> Required action
Print the data exactly, leaving nothing out.

Stored data entries
§
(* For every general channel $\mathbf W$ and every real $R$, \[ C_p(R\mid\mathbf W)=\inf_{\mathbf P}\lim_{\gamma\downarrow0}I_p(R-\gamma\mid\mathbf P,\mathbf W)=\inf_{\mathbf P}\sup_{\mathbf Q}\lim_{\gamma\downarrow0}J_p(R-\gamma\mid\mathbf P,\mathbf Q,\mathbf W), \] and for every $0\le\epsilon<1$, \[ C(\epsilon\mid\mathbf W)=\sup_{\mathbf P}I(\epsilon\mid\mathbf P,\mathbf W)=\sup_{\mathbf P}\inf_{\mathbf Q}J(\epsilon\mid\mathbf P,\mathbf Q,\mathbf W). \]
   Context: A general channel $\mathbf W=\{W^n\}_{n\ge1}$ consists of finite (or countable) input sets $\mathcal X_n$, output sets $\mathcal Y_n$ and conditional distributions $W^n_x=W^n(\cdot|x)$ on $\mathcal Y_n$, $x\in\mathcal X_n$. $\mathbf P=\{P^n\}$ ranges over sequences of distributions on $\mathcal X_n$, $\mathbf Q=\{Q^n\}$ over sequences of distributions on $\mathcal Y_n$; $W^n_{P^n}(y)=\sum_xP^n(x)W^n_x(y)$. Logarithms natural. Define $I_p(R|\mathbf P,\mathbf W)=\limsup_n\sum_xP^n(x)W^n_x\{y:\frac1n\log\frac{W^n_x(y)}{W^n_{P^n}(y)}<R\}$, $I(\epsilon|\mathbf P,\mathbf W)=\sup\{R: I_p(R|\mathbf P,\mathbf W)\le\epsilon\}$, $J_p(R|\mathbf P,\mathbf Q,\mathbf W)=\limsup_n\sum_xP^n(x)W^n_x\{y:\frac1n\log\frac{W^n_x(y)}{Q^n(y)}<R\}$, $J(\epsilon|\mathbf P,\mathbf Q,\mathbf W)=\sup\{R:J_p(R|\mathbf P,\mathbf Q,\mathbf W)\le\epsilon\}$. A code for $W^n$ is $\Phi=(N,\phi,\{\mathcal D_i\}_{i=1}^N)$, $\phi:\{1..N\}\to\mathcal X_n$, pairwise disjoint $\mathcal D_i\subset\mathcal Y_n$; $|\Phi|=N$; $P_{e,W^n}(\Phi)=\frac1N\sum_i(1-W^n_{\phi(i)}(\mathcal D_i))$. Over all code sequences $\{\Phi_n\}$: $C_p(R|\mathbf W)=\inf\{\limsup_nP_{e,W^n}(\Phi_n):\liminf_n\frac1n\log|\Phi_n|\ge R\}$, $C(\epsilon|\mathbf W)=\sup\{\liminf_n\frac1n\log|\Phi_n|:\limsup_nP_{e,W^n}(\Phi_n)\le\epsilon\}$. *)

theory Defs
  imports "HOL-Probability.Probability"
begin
§
> Solved problem
(* For every general channel $\mathbf W$ and every real $R$, \[ C_p(R\mid\mathbf W)=\inf_{\mathbf P}\lim_{\gamma\downarrow0}I_p(R-\gamma\mid\mathbf P,\mathbf W)=\inf_{\mathbf P}\sup_{\mathbf Q}\lim_{\gamma\downarrow0}J_p(R-\gamma\mid\mathbf P,\mathbf Q,\mathbf W), \] and for every $0\le\epsilon<1$, \[ C(\epsilon\mid\mathbf W)=\sup_{\mathbf P}I(\epsilon\mid\mathbf P,\mathbf W)=\sup_{\mathbf P}\inf_{\mathbf Q}J(\epsilon\mid\mathbf P,\mathbf Q,\mathbf W). \]
   Context: A general channel $\mathbf W=\{W^n\}_{n\ge1}$ consists of finite (or countable) input sets $\mathcal X_n$, output sets $\mathcal Y_n$ and conditional distributions $W^n_x=W^n(\cdot|x)$ on $\mathcal Y_n$, $x\in\mathcal X_n$. $\mathbf P=\{P^n\}$ ranges over sequences of distributions on $\mathcal X_n$, $\mathbf Q=\{Q^n\}$ over sequences of distributions on $\mathcal Y_n$; $W^n_{P^n}(y)=\sum_xP^n(x)W^n_x(y)$. Logarithms natural. Define $I_p(R|\mathbf P,\mathbf W)=\limsup_n\sum_xP^n(x)W^n_x\{y:\frac1n\log\frac{W^n_x(y)}{W^n_{P^n}(y)}<R\}$, $I(\epsilon|\mathbf P,\mathbf W)=\sup\{R: I_p(R|\mathbf P,\mathbf W)\le\epsilon\}$, $J_p(R|\mathbf P,\mathbf Q,\mathbf W)=\limsup_n\sum_xP^n(x)W^n_x\{y:\frac1n\log\frac{W^n_x(y)}{Q^n(y)}<R\}$, $J(\epsilon|\mathbf P,\mathbf Q,\mathbf W)=\sup\{R:J_p(R|\mathbf P,\mathbf Q,\mathbf W)\le\epsilon\}$. A code for $W^n$ is $\Phi=(N,\phi,\{\mathcal D_i\}_{i=1}^N)$, $\phi:\{1..N\}\to\mathcal X_n$, pairwise disjoint $\mathcal D_i\subset\mathcal Y_n$; $|\Phi|=N$; $P_{e,W^n}(\Phi)=\frac1N\sum_i(1-W^n_{\phi(i)}(\mathcal D_i))$. Over all code sequences $\{\Phi_n\}$: $C_p(R|\mathbf W)=\inf\{\limsup_nP_{e,W^n}(\Phi_n):\liminf_n\frac1n\log|\Phi_n|\ge R\}$, $C(\epsilon|\mathbf W)=\sup\{\liminf_n\frac1n\log|\Phi_n|:\limsup_nP_{e,W^n}(\Phi_n)\le\epsilon\}$. *)

theory Defs
  imports "HOL-Probability.Probability"
begin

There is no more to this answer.